Price Equilibria: All the code for the work described in this paper was done in C. I should dig it up and post it here.
Code Optimization: I do a decent amount of low-level code optimization when people need it, but most of these cases are particular to a particular researcher and project and not shareable. In one particularly tangible case, I re-wrote some FORTRAN code multithreaded using OpenMP to simpler, optimized serial code which took a 35-day multi-task runtime down to 1 1/2 days. In another, I optimized and rewrote matlab scripts both in matlab and in C using the Intel IPP and MKL, improving speed by a factor of 5. This is a pretty small gain, actually, and is small due to the density of linear algebraic operations in the original matlab code (operations which matlab inherently does well already). Another case involved data extraction from ~ 50GB of detailed XML datafiles from a financial firm; using the Xerces library in C++ was able to tackle the task in an afternoon, whereas (naively) trying the same task with python (for fun) crashed a 32-core, 256GB memory AWS EC2 instance.
I used to do quite a bit of MATLAB programming. Sometimes I still help people using matlab optimize their code, but mostly I don’t use it anymore. Here are some examples though.
Smart Parallelism: I used MATLAB for this simple case study of how to (not) run things in parallel on our shared research computing servers (or your own, for that matter). We have a persistent issue of users parallelizing work that is already implicitly parallelized by their software, and thus creating counterproductive amounts of CPU contention.
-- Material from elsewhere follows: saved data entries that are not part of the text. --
lemma out_ext_coset:
  assumes f: "f \<in> Aut0_fix1 k"
  shows "out_ext k n (r_coset (Aut0 k) (Inn k) f) = r_coset (Aut0 n) (Inn n) (aut_ext k n f)"
proof -
  interpret A: group "Aut0 k" by (rule group_Aut0)
  interpret An: group "Aut0 n" by (rule group_Aut0)
  define f' where "f' = (SOME f'. f' \<in> Aut0_fix1 k \<and> r_coset (Aut0 k) (Inn k) f = r_coset (Aut0 k) (Inn k) f')"
  have f': "f' \<in> Aut0_fix1 k" "r_coset (Aut0 k) (Inn k) f = r_coset (Aut0 k) (Inn k) f'"
    using someI_ex[of "\<lambda>f'. f' \<in> Aut0_fix1 k \<and> r_coset (Aut0 k) (Inn k) f = r_coset (Aut0 k) (Inn k) f'"] f
    unfolding f'_def by blast+
  have fc: "f \<in> carrier (Aut0 k)" and fc': "f' \<in> carrier (Aut0 k)"
    using f f' by (auto simp: Aut0_fix1_def Aut0_carrier)
  define c where "c = f' \<otimes>\<^bsub>Aut0 k\<^esub> inv\<^bsub>Aut0 k\<^esub> f"
  have "f' \<in> r_coset (Aut0 k) (Inn k) f" using f'(2) A.rcos_self[OF fc' subgroup_Inn] by simp
  then have cI: "c \<in> Inn k"
    unfolding c_def using subgroup.rcos_module_imp[OF subgroup_Inn A.is_group fc] by simp
  have cS: "c \<in> Aut0_fix1 k"
    unfolding c_def using Aut0_fix1_mult Aut0_fix1_inv f f' two_le_k by simp
  have "f' = c \<otimes>\<^bsub>Aut0 k\<^esub> f" unfolding c_def using fc fc' by (simp add: A.m_assoc)
  then have "aut_ext k n f' = aut_ext k n c \<otimes>\<^bsub>Aut0 n\<^esub> aut_ext k n f"
    using aut_ext_Aut0_mult[OF cS f] by simp
  moreover have "aut_ext k n f \<in> carrier (Aut0 n)"
    using aut_ext_in_Aut0_set[OF f] by (simp add: Aut0_carrier)
  ultimately show ?thesis
    using An.rcos_mult_absorb[OF subgroup_Inn aut_ext_Inn[OF cS cI]] by (simp add: out_ext_def f'_def)
qed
MATLAB was a good environment for this sort of case study because (1) it’s a CPU hog by default, (2) changing how many cores it tries to use is easy, (3) “expensive” operations like solving linear systems can be trivially written in the syntax, and (4) I don’t know other, more GSB-popular platforms with the same problem (e.g., Stata).
Price Equilibria: All the code for the work described in this paper was done in MATLAB. I should dig it up and post it here.